The next interesting feature are the adapters. Is the ND version adapter optically in an high league? I had an expensive variable ND filter, who produced inverse-vigentted-patterns, where the edges were lighter than the center. Can I use the filter of the 600mm MKII in the adapter, when I use another lens?

BG
Erik


----------



## Boudreaux&Thibodeaux (Jun 22, 2019)

Cant mention about you specific lens with the R, but I find on my 300/4LIS with or without 1.4x the speed of focus is about the same in bright light, and better in lower light. Also love the brightness of the R screen when light is poor. Be advised there is a bit of a learning curve which not everyone likes, or gets used to. And, the abundance of customization takes some trial and error. Some of the features are not explained well in the manual. I hardly pick up the big heavy slrs any more.


----------



## AlanF (Jun 22, 2019)

Boudreaux&Thibodeaux said:


> Cant mention about you specific lens with the R, but I find on my 300/4LIS with or without 1.4x the speed of focus is about the same in bright light, and better in lower light. Also love the brightness of the R screen when light is poor. Be advised there is a bit of a learning curve which not everyone likes, or gets used to. And, the abundance of customization takes some trial and error. Some of the features are not explained well in the manual. I hardly pick up the big heavy slrs any more.

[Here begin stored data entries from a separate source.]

text \<open>\<open>T m\<close> collects the sums of subsets of \<open>{s 0, ..., s (m - 1)}\<close>.  By
  \<open>subseries_sum_split\<close> every point of the limiting Cantor set is a point of \<open>C (Suc m)\<close>
  translated by such a sum, hence it lies outside \<open>closure (N m)\<close>.\<close>
lemma ball_translation_scheme_avoiding:
  fixes z v :: "'a::euclidean_space" and N :: "nat \<Rightarrow> 'a set"
  assumes r: "0 < r" and N: "\<And>k. nowhere_dense (N k)"
  obtains C s T where "translation_scheme C v s" "C 0 \<subseteq> cball z r" "T 0 = {0}"
    "\<And>m. T (Suc m) = T m \<union> (\<lambda>t. t + s m) ` T m"
    "\<And>m t x. t \<in> T (Suc m) \<Longrightarrow> x \<in> C (Suc m) \<Longrightarrow> x + t *\<^sub>R v \<notin> closure (N m)"
proof -
  define good where "good = (\<lambda>(n :: nat) (c :: 'a, \<rho> :: real, \<sigma> :: real, T :: real set).
      0 < \<rho> \<and> 0 < \<sigma> \<and> finite T \<and> (n = 0 \<longrightarrow> T = {0} \<and> cball c \<rho> \<subseteq> cball z r))"
  define next_to where "next_to = (\<lambda>n (c :: 'a, \<rho> :: real, \<sigma> :: real, T :: real set) (c', \<rho>', \<sigma>', T').
      cball c' \<rho>' \<subseteq> cball c \<rho> \<and> (\<forall>x\<in>cball c' \<rho>'. x + \<sigma>' *\<^sub>R v \<in> cball c \<rho>) \<and> \<sigma>' \<le> \<sigma> / 3
      \<and> T' = T \<union> (\<lambda>t. t + \<sigma>') ` T \<and> (\<forall>t\<in>T'. \<forall>x\<in>cball c' \<rho>'. x + t *\<^sub>R v \<notin> closure (N n)))"
  have "\<exists>f. \<forall>n. good n (f n) \<and> next_to n (f n) (f (Suc n))"
  proof (rule dependent_nat_choice)
    show "\<exists>x. good 0 x"
      using r by (intro exI[of _ "(z, r, 1, {0})"]) (auto simp: good_def)
  next
    fix x n assume "good n x"
    then obtain c \<rho> \<sigma> T where x: "x = (c, \<rho>, \<sigma>, T)" "0 < \<rho>" "0 < \<sigma>" "finite T"
      unfolding good_def by (cases x) auto
    have third: "0 < \<sigma> / 3"
      using x(3) by simp
    show "\<exists>y. good (Suc n) y \<and> next_to n x y"
    proof (rule cball_translate_avoid_step[OF N[of n] x(4) x(2) third, where c = c and v = v])
      fix s c' \<rho>'
      assume "0 < s" "s \<le> \<sigma> / 3" "0 < \<rho>'" "cball c' \<rho>' \<subseteq> cball c \<rho>"
        "\<And>y. y \<in> cball c' \<rho>' \<Longrightarrow> y + s *\<^sub>R v \<in> cball c \<rho>"
        "\<And>t y. t \<in> T \<union> (\<lambda>t. t + s) ` T \<Longrightarrow> y \<in> cball c' \<rho>' \<Longrightarrow> y + t *\<^sub>R v \<notin> closure (N n)"
      then show ?thesis
        unfolding good_def next_to_def x using x(4)
        by (intro exI[of _ "(c', \<rho>', s, T \<union> (\<lambda>t. t + s) ` T)"]) simp
    qed
  qed
  then obtain f where f: "\<And>n. good n (f n)" "\<And>n. next_to n (f n) (f (Suc n))"
    by blast
  define C where "C m = cball (fst (f m)) (fst (snd (f m)))" for m
  define \<sigma> where "\<sigma> m = fst (snd (snd (f m)))" for m
  define T where "T m = snd (snd (snd (f m)))" for m
  define s where "s m = \<sigma> (Suc m)" for m
  have f_eq: "f m = (fst (f m), fst (snd (f m)), \<sigma> m, T m)" for m
    by (simp add: \<sigma>_def T_def)
  have good_C: "C m \<noteq> {} \<and> 0 < \<sigma> m \<and> (m = 0 \<longrightarrow> T m = {0} \<and> C m \<subseteq> cball z r)" for m
    using f(1)[of m] unfolding good_def C_def by (subst (asm) f_eq) auto
  have next_C: "C (Suc m) \<subseteq> C m \<and> (\<forall>x\<in>C (Suc m). x + s m *\<^sub>R v \<in> C m) \<and> s m \<le> \<sigma> m / 3
      \<and> T (Suc m) = T m \<union> (\<lambda>t. t + s m) ` T m
      \<and> (\<forall>t\<in>T (Suc m). \<forall>x\<in>C (Suc m). x + t *\<^sub>R v \<notin> closure (N m))" for m
    using f(2)[of m] unfolding next_to_def C_def s_def by (subst (asm) (1 2) f_eq) auto
  have "0 < s m" for m
    using good_C[of "Suc m"] by (simp add: s_def)
  moreover have "s (Suc m) \<le> s m / 3" for m
    using next_C[of "Suc m"] by (simp add: s_def)
  ultimately have "lacunary s"
    by (simp add: lacunary_def)
  show ?thesis
  proof (rule that)
    show "translation_scheme C v s"
      unfolding translation_scheme_def using \<open>lacunary s\<close> good_C next_C by (simp add: C_def)
    show "C 0 \<subseteq> cball z r" "T 0 = {0}"
      using good_C[of 0] by simp_all
    show "T (Suc m) = T m \<union> (\<lambda>t. t + s m) ` T m" for m
      using next_C[of m] by simp
    show "x + t *\<^sub>R v \<notin> closure (N m)" if "t \<in> T (Suc m)" "x \<in> C (Suc m)" for m t x
      using next_C[of m] that by simp
  qed
qed

lemma cantor_line_avoiding_nowhere_dense:
  fixes z v :: "'a::euclidean_space" and N :: "nat \<Rightarrow> 'a set"
  assumes "0 < r" "\<And>k. nowhere_dense (N k)"
  obtains p s where "lacunary s" "cantor_line p v s \<subseteq> cball z r - (\<Union>k. closure (N k))"
proof -
  obtain C s T where scheme: "translation_scheme C v s" and C0: "C 0 \<subseteq> cball z r"
    and T: "T 0 = {0}" "\<And>m. T (Suc m) = T m \<union> (\<lambda>t. t + s m) ` T m"
    and avoid: "\<And>m t x. t \<in> T (Suc m) \<Longrightarrow> x \<in> C (Suc m) \<Longrightarrow> x + t *\<^sub>R v \<notin> closure (N m)"
    using ball_translation_scheme_avoiding[where N = N and z = z and v = v, OF assms] by metis
  have s: "lacunary s"
    using scheme by (simp add: translation_scheme_def)
  have partial_sums: "sum s (A \<inter> {..<m}) \<in> T m" for A m
  proof (induction m)
    case (Suc m)
    then show ?case
      by (cases "m \<in> A") (auto simp: T lessThan_Suc Int_insert_right)
  qed (simp add: T)
  obtain p where p: "\<And>m A. p + subseries_sum s {i\<in>A. m \<le> i} *\<^sub>R v \<in> C m"
    using translation_scheme_subseries[OF scheme] by blast
  have "p + subseries_sum s A *\<^sub>R v \<in> cball z r - closure (N k)" for A k
  proof -
    have "p + subseries_sum s A *\<^sub>R v
        = (p + subseries_sum s {i\<in>A. Suc k \<le> i} *\<^sub>R v) + sum s (A \<inter> {..<Suc k}) *\<^sub>R v"
      by (subst subseries_sum_split[OF s, of A "Suc k"]) (simp add: scaleR_add_left algebra_simps)
    then have "p + subseries_sum s A *\<^sub>R v \<notin> closure (N k)"
      using avoid[OF partial_sums[of A "Suc k"] p[where m = "Suc k" and A = A]] by (simp add: add.assoc)
    moreover have "p + subseries_sum s A *\<^sub>R v \<in> cball z r"
      using p[where m = 0 and A = A] C0 by auto
    ultimately show ?thesis
      by blast
  qed
  then have "cantor_line p v s \<subseteq> cball z r - (\<Union>k. closure (N k))"
    unfolding cantor_line_def by blast
  then show ?thesis
    by (rule that[OF s])
qed

lemma nonmeager_contains_cantor_line:
  fixes B :: "'a::euclidean_space set"
  assumes "baire_property B" "\<not> meager B"
  obtains p s where "lacunary s" "cantor_line p v s \<subseteq> B"
proof -
  obtain U where U: "open U" "meager (B - U)" "meager (U - B)"
    using assms(1) unfolding baire_property_def by blast
  have "U \<noteq> {}"
    using U(2) assms(2) by auto
  then obtain z r where r: "0 < r" "cball z r \<subseteq> U"
    using U(1) open_contains_cball by blast
  obtain N :: "nat \<Rightarrow> 'a set" where N: "\<And>k. nowhere_dense (N k)" "U - B \<subseteq> (\<Union>k. N k)"
    using meager_nat_cover[OF U(3)] by blast
  obtain p s where "lacunary s" and line: "cantor_line p v s \<subseteq> cball z r - (\<Union>k. closure (N k))"
    using cantor_line_avoiding_nowhere_dense[where N = N and z = z and v = v, OF r(1) N(1)] by metis
  moreover have "cball z r - (\<Union>k. closure (N k)) \<subseteq> B"
  proof
    fix x assume "x \<in> cball z r - (\<Union>k. closure (N k))"
    then have "x \<in> U" "x \<notin> (\<Union>k. N k)"
      using r(2) closure_subset by auto
    then show "x \<in> B"
      using N(2) by blast
  qed
  ultimately show ?thesis
    by (intro that) auto
qed

lemma borel_large_contains_cantor_line:
  fixes B :: "'a::euclidean_space set"
  assumes "B \<in> sets borel" and "\<not> meager B \<or> B \<notin> null_sets lebesgue"
  obtains p s where "lacunary s" "cantor_line p v s \<subseteq> B"
  using assms(2)
proof
  assume "\<not> meager B"
  then show ?thesis
    using that nonmeager_contains_cantor_line borel_imp_baire_property[OF assms(1)] by blast
next
  assume "B \<notin> null_sets lebesgue"
  moreover have "B \<in> sets lebesgue"
    using assms(1) by (simp add: sets_completionI_sets)
  ultimately show ?thesis
    using that lebesgue_positive_contains_cantor_line by blast
qed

On what focus mode is that? For birding, it is often using the centre point focus.


----------



## Boudreaux&Thibodeaux (Jun 22, 2019)

My birding is mostly backyard stuff, just for fun these days. Used to be down at Eco Pond at Flamingo (Everglades) and other assorted Florida locales. But right now, I'm using continuous (servo) focus mode for birds, and tend to adjust the spot according to the rest of the image to get something (or try to get....) visually interesting. The R has so many focus spots you can't hardly count 'em, and they all work perfectly. Unless I'm really close, I tend to not use a single spot, as DOF will get the eyes in focus, but if I'm really close... its one spot. Again, on the R it doesn't matter which you use, they all work great, and can be slid across the image with your thumb, so you can rearrange 'em pretty easily on the go.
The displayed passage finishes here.